Member of the British Columbia Legislative Assembly for Burnaby-Edmonds
- In office October 22, 1986 – October 17, 1991
- Preceded by: Rosemary Brown
- Succeeded by: Fred G. Randall

Personal details
- Born: July 20, 1939 Vancouver, British Columbia
- Died: April 12, 2021 (aged 81)
- Party: Conservative Social Credit
- Occupation: Chartered accountant

= David Mercier =

Canadian politician (1939–2021)

David Maurice Mercier (July 20, 1939 – April 12, 2021) was a Canadian politician. He served in the Legislative Assembly of British Columbia from 1986 to 1991, as a Social Credit member for the constituency of Burnaby-Edmonds. In 1991, he served several months as British Columbia's Minister of Environment. He was a chartered accountant. Mercier was mayor of Burnaby, British Columbia from 1979 to 1981. He previously ran unsuccessfully in Burnaby-Edmonds in the 1966 provincial election as a Liberal candidate and in Burnaby-Willingdon in the 1972 provincial election as a Social Credit candidate.

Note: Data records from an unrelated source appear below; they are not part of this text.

(* Let $A$ be an $n\times n$ Hermitian matrix ($n\ge2$) with eigenvalues $\lambda_1\ge\dots\ge\lambda_n$, and for $k=1,\dots,n$ let $\mu_{k,1}\ge\dots\ge\mu_{k,n-1}$ be the eigenvalues of $A_k$. Then for all $1\le\ell\le r\le n-1$, $$(n-\ell)\lambda_\ell+(n-1)\sum_{j=\ell+1}^r\lambda_j+r\lambda_n\le\sum_{k=1}^n\sum_{j=\ell}^r\mu_{k,j}\le(n-\ell)\lambda_1+(n-1)\sum_{j=\ell+1}^r\lambda_j+r\lambda_{r+1}.$$
   Context: For an $n\times n$ matrix $A$ and $k\in\{1,\dots,n\}$, $A_k$ denotes the $(n-1)\times(n-1)$ principal submatrix obtained by deleting the $k$-th row and $k$-th column of $A$. Empty sums are zero. *)

theory Defs
  imports "Jordan_Normal_Form.Jordan_Normal_Form" "HOL-Computational_Algebra.Polynomial"
begin

definition hermitian :: "complex mat \<Rightarrow> bool" where
  "hermitian A \<longleftrightarrow> square_mat A \<and>
     (\<forall>i < dim_row A. \<forall>j < dim_row A. A $$ (i, j) = cnj (A $$ (j, i)))"

text \<open>For Hermitian matrices all eigenvalues
  are real, so taking real parts loses nothing.\<close>
definition eigvals_desc :: "complex mat \<Rightarrow> real list" where
  "eigvals_desc A = rev (sorted_list_of_multiset (image_mset Re (proots (char_poly A))))"

text \<open>1-indexed: eig A j is the j-th largest eigenvalue, j = 1..dim.\<close>
definition eig :: "complex mat \<Rightarrow> nat \<Rightarrow> real" where
  "eig A j = eigvals_desc A ! (j - 1)"

text \<open>Principal submatrix A_k (1-indexed k): delete k-th row and column.\<close>
definition principal_sub :: "complex mat \<Rightarrow> nat \<Rightarrow> complex mat" where
  "principal_sub A k = mat_delete A (k - 1) (k - 1)"

end

(*
  Let u_1, ..., u_n be an orthonormal eigenbasis of A, and view eigenvectors of A_k as
  vectors of C^n with vanishing k-th coordinate.  For any vectors x_{k,q} (k = 1..n,
  q = 1..t) that are orthonormal for each fixed k and have vanishing k-th coordinate, the
  sum of the Rayleigh quotients <x_{k,q}, A x_{k,q}> equals sum_i lambda_i d_i, where
  0 <= d_i <= n - 1 by Bessel's inequality in the coordinates other than k, and
  sum_i d_i = n t by Parseval.  A bathtub argument bounds such sums by the extreme
  admissible weight patterns.

  Taking for x_{k,q} the top t eigenvectors of A_k bounds S(t) = sum_k (mu_{k,1} + ... +
  mu_{k,t}) from above; for t = n - 1 it forces d_i = n - 1, i.e. S(n - 1) = (n - 1) tr A.
  Taking x_{k,q} in the span of t + 1 consecutive u_i (one linear condition leaves room
  for t orthonormal vectors) and applying Ky Fan's maximum or minimum principle to A_k
  bounds S(t) from below.  The claim follows by writing the middle sum as S(r) - S(l - 1).
*)
theory Submission
  imports Defs "Jordan_Normal_Form.Schur_Decomposition"
begin

section \<open>Coordinate inner products and unitary eigenbases\<close>

definition cinner :: "nat \<Rightarrow> (nat \<Rightarrow> complex) \<Rightarrow> (nat \<Rightarrow> complex) \<Rightarrow> complex" where
  "cinner m x y = (\<Sum>i<m. cnj (x i) * y i)"

definition cnorm2 :: "nat \<Rightarrow> (nat \<Rightarrow> complex) \<Rightarrow> real" where
  "cnorm2 m x = (\<Sum>i<m. (cmod (x i))\<^sup>2)"

definition quad_form :: "nat \<Rightarrow> complex mat \<Rightarrow> (nat \<Rightarrow> complex) \<Rightarrow> complex" where
  "quad_form m M x = (\<Sum>i<m. \<Sum>i'<m. cnj (x i) * M $$ (i, i') * x i')"

definition orthonormal_family :: "nat \<Rightarrow> nat \<Rightarrow> (nat \<Rightarrow> nat \<Rightarrow> complex) \<Rightarrow> bool" where
  "orthonormal_family m s X \<longleftrightarrow>
     (\<forall>q<s. \<forall>q'<s. cinner m (X q) (X q') = (if q = q' then 1 else 0))"

definition unitary_eigenbasis ::
    "nat \<Rightarrow> complex mat \<Rightarrow> (nat \<Rightarrow> nat \<Rightarrow> complex) \<Rightarrow> (nat \<Rightarrow> real) \<Rightarrow> bool" where
  "unitary_eigenbasis m M U \<nu> \<longleftrightarrow>
     orthonormal_family m m (\<lambda>j i. U i j) \<and>
     (\<forall>i<m. \<forall>i'<m. (\<Sum>j<m. U i j * cnj (U i' j)) = (if i = i' then 1 else 0)) \<and>
     (\<forall>i<m. \<forall>j<m. (\<Sum>i'<m. M $$ (i, i') * U i' j) = of_real (\<nu> j) * U i j)"

lemma orthonormal_familyD:
  "orthonormal_family m s X \<Longrightarrow> q < s \<Longrightarrow> q' < s \<Longrightarrow>
    cinner m (X q) (X q') = (if q = q' then 1 else 0)"
  unfolding orthonormal_family_def by blast

lemma orthonormal_family_mono:
  "orthonormal_family m s X \<Longrightarrow> s' \<le> s \<Longrightarrow> orthonormal_family m s' X"
  unfolding orthonormal_family_def by simp

lemma unitary_eigenbasis_orthonormal_cols:
  "unitary_eigenbasis m M U \<nu> \<Longrightarrow> orthonormal_family m m (\<lambda>j i. U i j)"
  unfolding unitary_eigenbasis_def by blast

lemma unitary_eigenbasis_rows:
  "unitary_eigenbasis m M U \<nu> \<Longrightarrow> i < m \<Longrightarrow> i' < m \<Longrightarrow>
    (\<Sum>j<m. U i j * cnj (U i' j)) = (if i = i' then 1 else 0)"
  unfolding unitary_eigenbasis_def by blast

lemma unitary_eigenbasis_eigen:
  "unitary_eigenbasis m M U \<nu> \<Longrightarrow> i < m \<Longrightarrow> j < m \<Longrightarrow>
    (\<Sum>i'<m. M $$ (i, i') * U i' j) = of_real (\<nu> j) * U i j"
  unfolding unitary_eigenbasis_def by blast

lemma cnj_cinner: "cnj (cinner m x y) = cinner m y x"
  unfolding cinner_def by (simp add: mult.commute)

lemma cmod_cinner_commute: "cmod (cinner m x y) = cmod (cinner m y x)"
  by (metis cnj_cinner complex_mod_cnj)

lemma cinner_self: "cinner m x x = of_real (cnorm2 m x)"
  unfolding cnorm2_def cinner_def of_real_sum complex_norm_square by (simp add: mult.commute)

lemma cnorm2_nonneg: "0 \<le> cnorm2 m x"
  unfolding cnorm2_def by (intro sum_nonneg) auto

lemma cinner_sum_right: "cinner m y (\<lambda>i. \<Sum>q<s. a q * X q i) = (\<Sum>q<s. a q * cinner m y (X q))"
  unfolding cinner_def sum_distrib_left by (subst sum.swap) (simp add: mult_ac)

lemma cinner_sum_left:
  "cinner m (\<lambda>i. \<Sum>q<s. a q * X q i) y = (\<Sum>q<s. cnj (a q) * cinner m (X q) y)"
  unfolding cinner_def sum_distrib_left cnj_sum sum_distrib_right
  by (subst sum.swap) (simp add: mult_ac)

lemma cinner_diff_self:
  "cinner m (\<lambda>i. x i - y i) (\<lambda>i. x i - y i) = cinner m x x - cinner m x y - cinner m y x + cinner m y y"
  unfolding cinner_def by (simp add: algebra_simps sum.distrib sum_subtractf)

lemma orthonormal_family_cnorm2:
  assumes "orthonormal_family m s X" and "q < s"
  shows "cnorm2 m (X q) = 1"
  using orthonormal_familyD[OF assms(1,2,2)] cinner_self[of m "X q"] by simp

lemma cinner_orthonormal_combination:
  assumes "orthonormal_family m s X" and "q < s"
  shows "cinner m (X q) (\<lambda>i. \<Sum>q'<s. a q' * X q' i) = a q"
proof -
  have "cinner m (X q) (\<lambda>i. \<Sum>q'<s. a q' * X q' i) = (\<Sum>q'<s. if q' = q then a q else 0)"
    unfolding cinner_sum_right using orthonormal_familyD[OF assms(1)] assms(2)
    by (intro sum.cong) auto
  then show ?thesis using assms(2) by simp
qed

lemma bessel_inequality:
  assumes "orthonormal_family m s X"
  shows "(\<Sum>q<s. (cmod (cinner m (X q) z))\<^sup>2) \<le> cnorm2 m z"
proof -
  define c where "c q = cinner m (X q) z" for q
  define w where "w i = (\<Sum>q<s. c q * X q i)" for i
  define S where "S = (\<Sum>q<s. (cmod (c q))\<^sup>2)"
  have S: "of_real S = (\<Sum>q<s. cnj (c q) * c q)"
    unfolding S_def of_real_sum complex_norm_square by (simp add: mult.commute)
  have "cinner m (X q) w = c q" if "q < s" for q
    unfolding w_def cinner_orthonormal_combination[OF assms that] ..
  then have ww: "cinner m w w = of_real S"
    unfolding S w_def[abs_def] cinner_sum_left by simp
  have zw: "cinner m z w = of_real S"
    unfolding S w_def[abs_def] cinner_sum_right c_def by (simp add: cnj_cinner mult.commute)
  have wz: "cinner m w z = of_real S"
    unfolding S w_def[abs_def] cinner_sum_left c_def ..
  have "of_real (cnorm2 m (\<lambda>i. z i - w i)) = (of_real (cnorm2 m z - S) :: complex)"
    unfolding cinner_self[symmetric] cinner_diff_self zw wz ww by (simp add: cinner_self)
  then show ?thesis
    using cnorm2_nonneg[of m "\<lambda>i. z i - w i"] unfolding S_def c_def of_real_eq_iff by simp
qed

On October 3, 1989, Mercier and three colleagues — Graham Bruce, Duane Delton Crandall, and Doug Mowat — quit the governing Social Credit caucus to sit as "Independent Social Credit" members. In a joint statement, the four stressed that they "in no way desire[d] the fall of our government", but wished to spur an "open and realistic assessment" of Bill Vander Zalm's continued leadership. Mercier returned the Socred caucus on February 14, 1990, alongside Bruce and Mowat (Crandall had already rejoined caucus in January). Mercier explained his move by saying his concerns about Vander Zalm's leadership and re-election chances had been addressed.

He was the leader of the British Columbia Conservative Party between 1997 until 2001. Mercier died in 2021 from complications of Parkinson's disease.